Whether US Trust's failure to affirmatively plead this defense or
otherwise acknowledge its burden of proof was strategic or mere
oversight, Plaintiffs cannot credibly claim unfair surprise and have
demonstrated no substantial prejudice. Accordingly, for purposes of
presenting a complete record, US Trust's Alternative Motion for Leave to
File an Amended Answer for purposes of adding the affirmative defense is
granted, and Plaintiffs' Third Motion for Partial Summary Judgment is
That being said, the Court is disturbed by the inconsistency in the
burden of proof position taken by US Trust in this case, as opposed to
the position that it took in the case of Henry v. Champlain Enterprises,
Inc., et al., Case No. 01-cv-1681, in the United States District Court
for the Northern District of New York, as well as the fact that counsel
for US Trust has authored a portion of a book on ERISA fiduciary
litigation in which he wrote:
Borrowing from the law of trusts, decisions in ERISA
cases have generally recognized that once a
beneficiary has established that a prohibited
transaction has taken place, the burden of explaining
or justifying the transaction shifts to the
fiduciary, who must prove that the transaction was
undertaken for adequate consideration. One who acts in
violation of his or her fiduciary duty bears the
burden of showing that he or she acted fairly and
Robert N. Eccles, ERISA Fiduciary Law, Chapter 14, at 403-04.

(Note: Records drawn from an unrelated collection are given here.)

(* Let $\mathcal{Y}_c$ and $\mathcal{X}$ be the supports of an endogenous covariate $Y_c$ and an exogenous covariate vector $X$, with joint distribution $P_{Y_c,X}$ and marginal $P_X$. Consider the structural model $Y_o=\Lambda\big(f_{\theta_0}(Y_c,X)+\varepsilon\big)$ with $\mathbb{E}[\varepsilon\mid X]=0$, where $\Lambda$ is a known linear map and $\{f_\theta:\theta\in\Theta\}$ is a known family of real-valued functions on $\mathcal{Y}_c\times\mathcal{X}$. Let $\mathcal{F}$ be an eligible set of real-valued functions on $\mathcal{Y}_c\times\mathcal{X}$ (square-integrable under $P_{Y_c,X}$), and define \[ \mathcal{F}_\Theta:=\big\{(y_c,x)\mapsto f_\theta(y_c,x)+f(y_c,x)-\mathbb{E}[f(Y_c,X)\mid X=x]\ :\ \theta\in\Theta,\ f\in\mathcal{F}\big\}\subseteq\mathcal{F}. \] Suppose $\mathcal{F}_\Theta$ and $\mathcal{F}$ are linear spaces and let $d$ be the mean-squared distance on $\mathcal{F}$, $d(f,g)=\mathbb{E}_{P_{Y_c,X}}\big[(f(Y_c,X)-g(Y_c,X))^2\big]$, with $d(\mathcal{F}_\Theta,g):=\inf_{f\in\mathcal{F}_\Theta}d(f,g)$. Then for every $g\in\mathcal{F}$, \[ d(\mathcal{F}_\Theta,g)=\inf_{\theta\in\Theta}\overline{d}(\overline{f}_\theta,\overline{g}), \] where $\overline{f}_\theta(x):=\mathbb{E}[f_\theta(Y_c,X)\mid X=x]$, $\overline{g}(x):=\mathbb{E}[g(Y_c,X)\mid X=x]$, and $\overline{d}(\overline{f},\overline{g}):=\mathbb{E}_{P_X}\big[(\overline{f}(X)-\overline{g}(X))^2\big]$.
   Context: Conditional expectations are with respect to the joint distribution of $(Y_c,X)$. The set $\mathcal{F}_\Theta$ represents all mappings consistent with the model (the nonparametric part $f-\mathbb{E}[f\mid X]$ encodes an unrestricted error satisfying only the conditional mean-zero restriction). *)

theory Defs
  imports "HOL-Probability.Probability"
begin

text \<open>The joint law P of (Y_c, X) is a probability measure M on the product
  space Myc \<Otimes> Mx; X is the second projection. The conditional expectation
  E[h(Y_c,X) | X] is the Radon-Nikodym conditional expectation of h with
  respect to the sigma-algebra generated by the second projection; it is a
  sigma(X)-measurable random variable, i.e. (a version of) hbar(X).\<close>

definition condX :: "('a \<times> 'b) measure \<Rightarrow> 'b measure \<Rightarrow> ('a \<times> 'b \<Rightarrow> real) \<Rightarrow> ('a \<times> 'b \<Rightarrow> real)" where
  "condX M Mx h = real_cond_exp M (vimage_algebra (space M) snd Mx) h"

definition sq_int :: "('a \<times> 'b) measure \<Rightarrow> ('a \<times> 'b \<Rightarrow> real) \<Rightarrow> bool" where
  "sq_int M h \<longleftrightarrow> h \<in> borel_measurable M \<and> integrable M (\<lambda>z. (h z)\<^sup>2)"

definition lin_space :: "('c \<Rightarrow> real) set \<Rightarrow> bool" where
  "lin_space S \<longleftrightarrow> (\<lambda>_. 0) \<in> S \<and> (\<forall>f\<in>S. \<forall>g\<in>S. (\<lambda>z. f z + g z) \<in> S)
     \<and> (\<forall>c::real. \<forall>f\<in>S. (\<lambda>z. c * f z) \<in> S)"

definition F_Theta :: "('a \<times> 'b) measure \<Rightarrow> 'b measure \<Rightarrow> ('t \<Rightarrow> 'a \<times> 'b \<Rightarrow> real) \<Rightarrow> 't set
    \<Rightarrow> ('a \<times> 'b \<Rightarrow> real) set \<Rightarrow> ('a \<times> 'b \<Rightarrow> real) set" where
  "F_Theta M Mx fam Th F = {(\<lambda>z. fam \<theta> z + f z - condX M Mx f z) | \<theta> f. \<theta> \<in> Th \<and> f \<in> F}"

definition msd :: "('a \<times> 'b) measure \<Rightarrow> ('a \<times> 'b \<Rightarrow> real) \<Rightarrow> ('a \<times> 'b \<Rightarrow> real) \<Rightarrow> real" where
  "msd M f g = (\<integral>z. (f z - g z)\<^sup>2 \<partial>M)"

definition set_msd :: "('a \<times> 'b) measure \<Rightarrow> ('a \<times> 'b \<Rightarrow> real) set \<Rightarrow> ('a \<times> 'b \<Rightarrow> real) \<Rightarrow> real" where
  "set_msd M S g = (INF f\<in>S. msd M f g)"

text \<open>dbar(fbar, gbar) = E_{P_X}[(fbar(X) - gbar(X))^2], written as an expectation
  under P of the sigma(X)-measurable versions condX f = fbar(X), condX g = gbar(X).\<close>
definition dbar :: "('a \<times> 'b) measure \<Rightarrow> 'b measure \<Rightarrow> ('a \<times> 'b \<Rightarrow> real) \<Rightarrow> ('a \<times> 'b \<Rightarrow> real) \<Rightarrow> real" where
  "dbar M Mx f g = (\<integral>z. (condX M Mx f z - condX M Mx g z)\<^sup>2 \<partial>M)"

end

theory Submission
  imports Defs
begin

text \<open>Write \<open>E\<close> for conditional expectation given \<open>X\<close>. For \<open>h = f\<^sub>\<theta> + f - E f\<close> in
  \<open>F\<^sub>\<Theta>\<close> the perturbation \<open>f - E f\<close> is conditionally centred, so \<open>E (h - g) = E f\<^sub>\<theta> - E g\<close>;
  since \<open>E\<close> is an \<open>L\<^sup>2\<close>-contraction (conditional Jensen), \<open>d(h, g) \<ge> dbar(f\<^sub>\<theta>, g)\<close>.
  Conversely the choice \<open>f = g - f\<^sub>\<theta>\<close> gives \<open>h - g = E f\<^sub>\<theta> - E g\<close>, so for every \<open>\<theta>\<close> the
  bound is attained and both infima agree.\<close>

lemma (in sigma_finite_subalgebra) real_cond_exp_square_integral_le:
  assumes u: "integrable M u" "integrable M (\<lambda>x. (u x)\<^sup>2)"
  shows "(\<integral>x. (real_cond_exp M F u x)\<^sup>2 \<partial>M) \<le> (\<integral>x. (u x)\<^sup>2 \<partial>M)"
proof -
  have jensen: "AE x in M. (real_cond_exp M F u x)\<^sup>2 \<le> real_cond_exp M F (\<lambda>x. (u x)\<^sup>2) x"
    by (rule real_cond_exp_jensens_inequality(2)[where I=UNIV]) (auto simp: u convex_power2)
  have "integrable M (\<lambda>x. (real_cond_exp M F u x)\<^sup>2)"
    by (rule integrable_convex_cond_exp[where I=UNIV]) (auto simp: u convex_power2)
  then have "(\<integral>x. (real_cond_exp M F u x)\<^sup>2 \<partial>M) \<le> (\<integral>x. real_cond_exp M F (\<lambda>x. (u x)\<^sup>2) x \<partial>M)"
    using jensen u by (intro integral_mono_AE) auto
  also have "\<dots> = (\<integral>x. (u x)\<^sup>2 \<partial>M)"
    using u(2) by (rule real_cond_exp_int(2))
  finally show ?thesis .
qed

lemma (in sigma_finite_subalgebra) real_cond_exp_add_centered:
  assumes "integrable M a" "integrable M f"
  shows "AE x in M. real_cond_exp M F (\<lambda>x. a x + f x - real_cond_exp M F f x) x
    = real_cond_exp M F a x"
proof -
  have "AE x in M. real_cond_exp M F (\<lambda>x. a x + f x - real_cond_exp M F f x) x
      = real_cond_exp M F (\<lambda>x. a x + f x) x - real_cond_exp M F (real_cond_exp M F f) x"
    using assms by (intro real_cond_exp_diff) auto
  moreover have "AE x in M. real_cond_exp M F (\<lambda>x. a x + f x) x
      = real_cond_exp M F a x + real_cond_exp M F f x"
    using assms by (intro real_cond_exp_add)
  moreover have "AE x in M. real_cond_exp M F (real_cond_exp M F f) x = real_cond_exp M F f x"
    using assms by (intro real_cond_exp_F_meas) auto
  ultimately show ?thesis by eventually_elim simp
qed

lemma (in sigma_finite_subalgebra) real_cond_exp_distance_le_centered_perturbation:
  assumes "integrable M a" "integrable M f" "integrable M g"
    and "integrable M (\<lambda>x. (a x + f x - real_cond_exp M F f x - g x)\<^sup>2)"
  shows "(\<integral>x. (real_cond_exp M F a x - real_cond_exp M F g x)\<^sup>2 \<partial>M)
    \<le> (\<integral>x. (a x + f x - real_cond_exp M F f x - g x)\<^sup>2 \<partial>M)"
proof -
  let ?u = "\<lambda>x. a x + f x - real_cond_exp M F f x - g x"
  have "AE x in M. real_cond_exp M F ?u x
      = real_cond_exp M F (\<lambda>x. a x + f x - real_cond_exp M F f x) x - real_cond_exp M F g x"
    using assms by (intro real_cond_exp_diff) auto
  with real_cond_exp_add_centered[OF assms(1,2)]
  have "AE x in M. real_cond_exp M F ?u x = real_cond_exp M F a x - real_cond_exp M F g x"
    by eventually_elim simp
  then have "(\<integral>x. (real_cond_exp M F a x - real_cond_exp M F g x)\<^sup>2 \<partial>M)
      = (\<integral>x. (real_cond_exp M F ?u x)\<^sup>2 \<partial>M)"
    by (intro integral_cong_AE) auto
  also have "\<dots> \<le> (\<integral>x. (?u x)\<^sup>2 \<partial>M)"
    using assms real_cond_exp_int(1)[OF assms(2)] by (intro real_cond_exp_square_integral_le) auto
  finally show ?thesis .
qed

lemma (in sigma_finite_subalgebra) real_cond_exp_distance_attained_by_centered_perturbation:
  assumes "integrable M b" "integrable M g" "a \<in> borel_measurable M" "AE x in M. a x = b x"
  shows "(\<integral>x. (a x + (g x - b x) - real_cond_exp M F (\<lambda>x. g x - b x) x - g x)\<^sup>2 \<partial>M)
    = (\<integral>x. (real_cond_exp M F a x - real_cond_exp M F g x)\<^sup>2 \<partial>M)"
proof (rule integral_cong_AE)
  have "AE x in M. real_cond_exp M F (\<lambda>x. g x - b x) x
      = real_cond_exp M F g x - real_cond_exp M F b x"
    using assms by (intro real_cond_exp_diff)
  moreover have "AE x in M. real_cond_exp M F b x = real_cond_exp M F a x"
    using assms by (intro real_cond_exp_cong) (auto elim: AE_mp)
  ultimately show "AE x in M. (a x + (g x - b x) - real_cond_exp M F (\<lambda>x. g x - b x) x - g x)\<^sup>2
      = (real_cond_exp M F a x - real_cond_exp M F g x)\<^sup>2"
    using assms(4) by eventually_elim simp
qed (use assms in auto)

lemma subalgebra_vimage_snd:
  assumes "sets M = sets (A \<Otimes>\<^sub>M B)"
  shows "subalgebra M (vimage_algebra (space M) snd B)"
proof -
  have "snd \<in> measurable M B"
    using measurable_cong_sets[OF assms refl] measurable_snd by blast
  then show ?thesis
    unfolding subalgebra_def measurable_iff_sets by auto
qed

lemma lin_space_diff:
  assumes "lin_space S" "f \<in> S" "h \<in> S"
  shows "(\<lambda>z. f z - h z) \<in> S"
proof -
  have add: "\<And>u v. u \<in> S \<Longrightarrow> v \<in> S \<Longrightarrow> (\<lambda>z. u z + v z) \<in> S"
    and neg: "(\<lambda>z. (-1) * h z) \<in> S"
    using assms unfolding lin_space_def by blast+
  from add[OF assms(2) neg] show ?thesis by simp
qed

locale conditional_mean_model = prob_space M
  for M :: "('a \<times> 'b) measure" and Mx :: "'b measure"
    and fam :: "'t \<Rightarrow> 'a \<times> 'b \<Rightarrow> real" and Th :: "'t set"
    and F :: "('a \<times> 'b \<Rightarrow> real) set" +
  assumes subalgebra_snd: "subalgebra M (vimage_algebra (space M) snd Mx)"
    and sq_int_F: "\<And>f. f \<in> F \<Longrightarrow> sq_int M f"
    and F_Theta_subset: "F_Theta M Mx fam Th F \<subseteq> F"
    and lin_space_F: "lin_space F"
begin

sublocale X: finite_measure_subalgebra M "vimage_algebra (space M) snd Mx"
  by unfold_locales (rule subalgebra_snd)

lemma F_measurable: "f \<in> F \<Longrightarrow> f \<in> borel_measurable M"
  and F_square_integrable: "f \<in> F \<Longrightarrow> integrable M (\<lambda>z. (f z)\<^sup>2)"
  using sq_int_F unfolding sq_int_def by auto

lemma F_integrable: "f \<in> F \<Longrightarrow> integrable M f"
  using F_measurable F_square_integrable square_integrable_imp_integrable by blast

text \<open>\<open>f\<^sub>\<theta>\<close> itself need not lie in \<open>F\<close>; this element of \<open>F\<^sub>\<Theta>\<close> agrees with it only
  almost everywhere, as \<open>condX M Mx (\<lambda>_. 0)\<close> is just some version of the zero function.\<close>

lemma fam_minus_condX_zero_in_F:
  assumes "\<theta> \<in> Th"
  shows "(\<lambda>z. fam \<theta> z - condX M Mx (\<lambda>_. 0) z) \<in> F"
proof -
  have "(\<lambda>_. 0) \<in> F" using lin_space_F unfolding lin_space_def by blast
  with assms have "(\<lambda>z. fam \<theta> z + 0 - condX M Mx (\<lambda>_. 0) z) \<in> F_Theta M Mx fam Th F"
    unfolding F_Theta_def by (intro CollectI exI[of _ \<theta>] exI[of _ "\<lambda>_. 0"]) simp
  then show ?thesis using F_Theta_subset by auto
qed

lemma AE_condX_zero: "AE z in M. condX M Mx (\<lambda>_. 0) z = 0"
  unfolding condX_def by (rule X.real_cond_exp_F_meas) auto

lemma integrable_fam:
  assumes "\<theta> \<in> Th"
  shows "integrable M (fam \<theta>)"
proof -
  have "integrable M (\<lambda>z. (fam \<theta> z - condX M Mx (\<lambda>_. 0) z) + condX M Mx (\<lambda>_. 0) z)"
    using F_integrable[OF fam_minus_condX_zero_in_F[OF assms]] unfolding condX_def
    by (intro Bochner_Integration.integrable_add X.real_cond_exp_int(1)) auto
  then show ?thesis by simp
qed

lemma dbar_le_msd_F_Theta:
  assumes "h \<in> F_Theta M Mx fam Th F" "g \<in> F"
  shows "\<exists>\<theta>\<in>Th. dbar M Mx (fam \<theta>) g \<le> msd M h g"
proof -
  obtain \<theta> f where "\<theta> \<in> Th" "f \<in> F" and h: "h = (\<lambda>z. fam \<theta> z + f z - condX M Mx f z)"
    using assms(1) unfolding F_Theta_def by blast
  have "(\<lambda>z. h z - g z) \<in> F"
    using assms F_Theta_subset by (intro lin_space_diff[OF lin_space_F]) auto
  then have "dbar M Mx (fam \<theta>) g \<le> msd M h g"
    using F_square_integrable F_integrable integrable_fam \<open>\<theta> \<in> Th\<close> \<open>f \<in> F\<close> assms(2)
    unfolding dbar_def msd_def condX_def h
    by (intro X.real_cond_exp_distance_le_centered_perturbation) auto
  with \<open>\<theta> \<in> Th\<close> show ?thesis by blast
qed

lemma msd_F_Theta_attains_dbar:
  assumes "\<theta> \<in> Th" "g \<in> F"
  shows "\<exists>h\<in>F_Theta M Mx fam Th F. msd M h g = dbar M Mx (fam \<theta>) g"
proof -
  define b where "b = (\<lambda>z. fam \<theta> z - condX M Mx (\<lambda>_. 0) z)"
  define f where "f = (\<lambda>z. g z - b z)"
  have "b \<in> F" unfolding b_def using assms(1) by (rule fam_minus_condX_zero_in_F)
  then have "f \<in> F" unfolding f_def using assms(2) by (intro lin_space_diff[OF lin_space_F])
  then have "(\<lambda>z. fam \<theta> z + f z - condX M Mx f z) \<in> F_Theta M Mx fam Th F"
    using assms(1) unfolding F_Theta_def by blast
  moreover have "AE z in M. fam \<theta> z = b z"
    using AE_condX_zero unfolding b_def by eventually_elim simp
  then have "msd M (\<lambda>z. fam \<theta> z + f z - condX M Mx f z) g = dbar M Mx (fam \<theta>) g"
    using \<open>b \<in> F\<close> assms F_integrable integrable_fam
    unfolding msd_def dbar_def condX_def f_def
    by (intro X.real_cond_exp_distance_attained_by_centered_perturbation) auto
  ultimately show ?thesis by blast
qed

end

theorem proposition1:
  fixes M :: "('a \<times> 'b) measure" and Myc :: "'a measure" and Mx :: "'b measure"
    and fam :: "'t \<Rightarrow> 'a \<times> 'b \<Rightarrow> real" and Th :: "'t set"
    and F :: "('a \<times> 'b \<Rightarrow> real) set" and g :: "'a \<times> 'b \<Rightarrow> real"
  assumes "prob_space M"
    and "sets M = sets (Myc \<Otimes>\<^sub>M Mx)"
    and "\<forall>f\<in>F. sq_int M f"
    and "F_Theta M Mx fam Th F \<subseteq> F"
    and "lin_space F"
    and "lin_space (F_Theta M Mx fam Th F)"
    and "g \<in> F"
  shows "set_msd M (F_Theta M Mx fam Th F) g = (INF \<theta>\<in>Th. dbar M Mx (fam \<theta>) g)"
proof -
  interpret conditional_mean_model M Mx fam Th F
    using assms(1-5) subalgebra_vimage_snd[OF assms(2)]
    by (simp add: conditional_mean_model_def conditional_mean_model_axioms_def)
  let ?FT = "F_Theta M Mx fam Th F"
  have "?FT \<noteq> {}" using assms(6) unfolding lin_space_def by blast
  then have "Th \<noteq> {}" unfolding F_Theta_def by blast
  have "bdd_below ((\<lambda>h. msd M h g) ` ?FT)" "bdd_below ((\<lambda>\<theta>. dbar M Mx (fam \<theta>) g) ` Th)"
    unfolding msd_def dbar_def by (auto intro: bdd_belowI[of _ 0])
  moreover have "\<exists>h\<in>?FT. msd M h g \<le> dbar M Mx (fam \<theta>) g" if "\<theta> \<in> Th" for \<theta>
    using msd_F_Theta_attains_dbar[OF that assms(7)] by (metis order_refl)
  ultimately show ?thesis
    unfolding set_msd_def using \<open>?FT \<noteq> {}\<close> \<open>Th \<noteq> {}\<close> dbar_le_msd_F_Theta assms(7)
    by (intro antisym cINF_mono) auto
qed

end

This Court is not an arena for playing games. Had US Trust followed its
prior position and the apparent opinion of its counsel by pleading an
affirmative defense under § 408(e) in its Answer or at least
otherwise affirmatively acknowledging its burden of proof of this issue,
Plaintiffs would not have incurred the costs of filing their Third Motion
for Partial Summary Judgment. As a result of US Trust's inconsistent
positions, the Court finds that US Trust should pay the reasonable
attorneys fees incurred by Plaintiffs in filing their Third Motion for
Partial Summary Judgment. Plaintiffs shall compile an invoice for their
attorneys fees reasonably incurred in preparing the Third Motion for
Partial Summary Judgment and Combined Reply in support thereof and submit
it to counsel for US Trust within 14 days. US Trust will then either
remit this amount to Plaintiffs counsel or file written objections to the
reasonableness of the fees incurred with the Court within 14 days of its
receipt of Plaintiffs' invoice.
For the reasons set forth above, Plaintiffs' Motion for Partial Summary
Judgment as to Liability Against US Trust: Absence of Authority [#278] is
DENIED. Plaintiff's Second Motion for Partial Summary Judgment as to
Liability Against US Trust: Breach of Loyalty and Prudence: Failure to
Investigate [#287] is DENIED. US Trust's Alternative Motion for Leave to
File an Amended Answer [#347] is GRANTED, and the Amended Answer shall be
filed on or before December 9, 2002. Plaintiffs' Third Motion for Partial
Summary Judgment as to Liability Against US Trust: ERISA § 406
Prohibited Transactions on December 20, 1995 [#311] is also DENIED. As
set forth in more detail above, Plaintiffs are awarded their reasonable
attorneys fees in connection with their Third Motion for Partial Summary
Judgment as to Liability Against US Trust.